Guidelines for planking

I often get asked whether planking is a good way of doing abdominal work whilst pregnant. Crunches and abdominals in flexion (when you are curling your head and chest up) are not recommended because they increase your chances of having diastasis recti.

Planks are therefore a wonderful alternative if you stick to the following guidelines…

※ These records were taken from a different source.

(* $\mathrm{PoTF}_{\textsc{Min-Max}}=\Theta(\min(\tau,n))$, i.e., the price of temporal fairness with respect to the \textsc{Min-Max} objective is both $O(\min(\tau,n))$ and $\Omega(\min(\tau,n))$, where $n$ is the number of agents and $\tau$ the number of constraints.
   Context: An instance $\mathcal{I}=(N,P,T,(\mathbf{D}_i)_{i\in N})$ has agents $N=[n]$, projects $P$, timesteps $T=[\ell]$, and disapproval sets $D_{ik}\subseteq P$. An outcome is $\mathbf{o}=(o_1,\dots,o_\ell)\in P^\ell$; $\Pi(\mathcal{I})$ is the set of all outcomes. $d_i(\mathbf{o}^{(k)})=|\{t\in[k]:o_t\in D_{it}\}|$ and $d_i(\mathbf{o})=d_i(\mathbf{o}^{(\ell)})$. A set of constraints is $\mathbf{A}=\{(t_1,\lambda_1),\dots,(t_\tau,\lambda_\tau)\}$ with $t_j\in T$, $\lambda_j\in\{0,\dots,\ell\}$, $t_1\le\dots\le t_\tau$, $\lambda_1\le\dots\le\lambda_\tau$; $\Pi_{\mathbf{A}}(\mathcal{I})$ is the set of outcomes with $\max_{i\in N}d_i(\mathbf{o}^{(t)})\le\lambda$ for all $(t,\lambda)\in\mathbf{A}$, and $\mathbf{A}$ is feasible if $\Pi_{\mathbf{A}}(\mathcal{I})\neq\emptyset$. The \textsc{Min-Max}-value of $\mathbf{o}$ is $\max_{i\in N}d_i(\mathbf{o})$. The price of temporal fairness is $\mathrm{PoTF}_{\textsc{Min-Max}}=\sup_{\mathcal{I},\mathbf{A}\text{ feasible}}\frac{\min_{\mathbf{o}\in\Pi_{\mathbf{A}}(\mathcal{I})}\max_i d_i(\mathbf{o})}{\min_{\mathbf{o}\in\Pi(\mathcal{I})}\max_i d_i(\mathbf{o})}$, considered as a function of $n$ and $\tau$. *)

theory Defs
  imports Main "HOL-Library.Extended_Real"
begin

(* Agents N = {1..n}, timesteps T = {1..l}, projects P (a finite nonempty set of nat
   labels), disapproval sets D i t (agent i, timestep t).
   An outcome is a function ou :: nat => nat with ou t \<in> P for every t \<in> T
   (values outside T are irrelevant). *)

definition valid_instance :: "nat \<Rightarrow> nat set \<Rightarrow> nat \<Rightarrow> (nat \<Rightarrow> nat \<Rightarrow> nat set) \<Rightarrow> bool" where
  "valid_instance n P l D \<longleftrightarrow> n \<ge> 1 \<and> finite P \<and> P \<noteq> {} \<and> l \<ge> 1 \<and>
     (\<forall>i\<in>{1..n}. \<forall>t\<in>{1..l}. D i t \<subseteq> P)"

definition outcomes :: "nat set \<Rightarrow> nat \<Rightarrow> (nat \<Rightarrow> nat) set" where
  "outcomes P l = {ou. \<forall>t\<in>{1..l}. ou t \<in> P}"

definition disut :: "(nat \<Rightarrow> nat \<Rightarrow> nat set) \<Rightarrow> nat \<Rightarrow> (nat \<Rightarrow> nat) \<Rightarrow> nat \<Rightarrow> nat" where
  "disut D i ou k = card {t\<in>{1..k}. ou t \<in> D i t}"

definition maxdis :: "nat \<Rightarrow> (nat \<Rightarrow> nat \<Rightarrow> nat set) \<Rightarrow> (nat \<Rightarrow> nat) \<Rightarrow> nat \<Rightarrow> nat" where
  "maxdis n D ou k = Max ((\<lambda>i. disut D i ou k) ` {1..n})"

definition valid_constraints :: "nat \<Rightarrow> (nat \<times> nat) list \<Rightarrow> bool" where
  "valid_constraints l A \<longleftrightarrow> distinct A \<and> sorted (map fst A) \<and> sorted (map snd A) \<and>
     (\<forall>(t, lam)\<in>set A. t \<in> {1..l} \<and> lam \<le> l)"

  1. ALWAYS engage your Transverse Abdominis through the breathing techniques you have learned with your Pilates instructor, physiotherapist, or with a Hypopressive abdominals specialist before performing planks.
  2. Side planks are the safest and can be performed for 9 months, as long as your wrists are not swollen and you refer to point 1. They mainly work your obliques, those abdominal muscles responsible for toning and shrinking the waistline.
  3. Regular planks are safe depending on your weight gain and the number of weeks of gestation. I would recommend:
    • Not planking after a +6-7kg increase in weight -See alternatives.
    • Doing less repetitions after your abdominals have split in the center anyway (around week 20-22 for the first pregnancy, around week for the following pregnancies). The right posture involves the following:
      • Align your whole body.
      • Do not let your hips drop: Lift your baby in and up!
      • Do not let your bottom pike.
      • Soften your elbows and keep shoulders in line with your wrists.
      • Lift your baby bump.
  4. Alternative ways of doing planks are many, so use them!
    • Working in quadruped position, keeping in mind to lift the baby bump in and up.
    • Using your footbar on the reformer, or any elevated surface to plank with less support from the front of the abdominals.
    • Doing push-ups against the wall.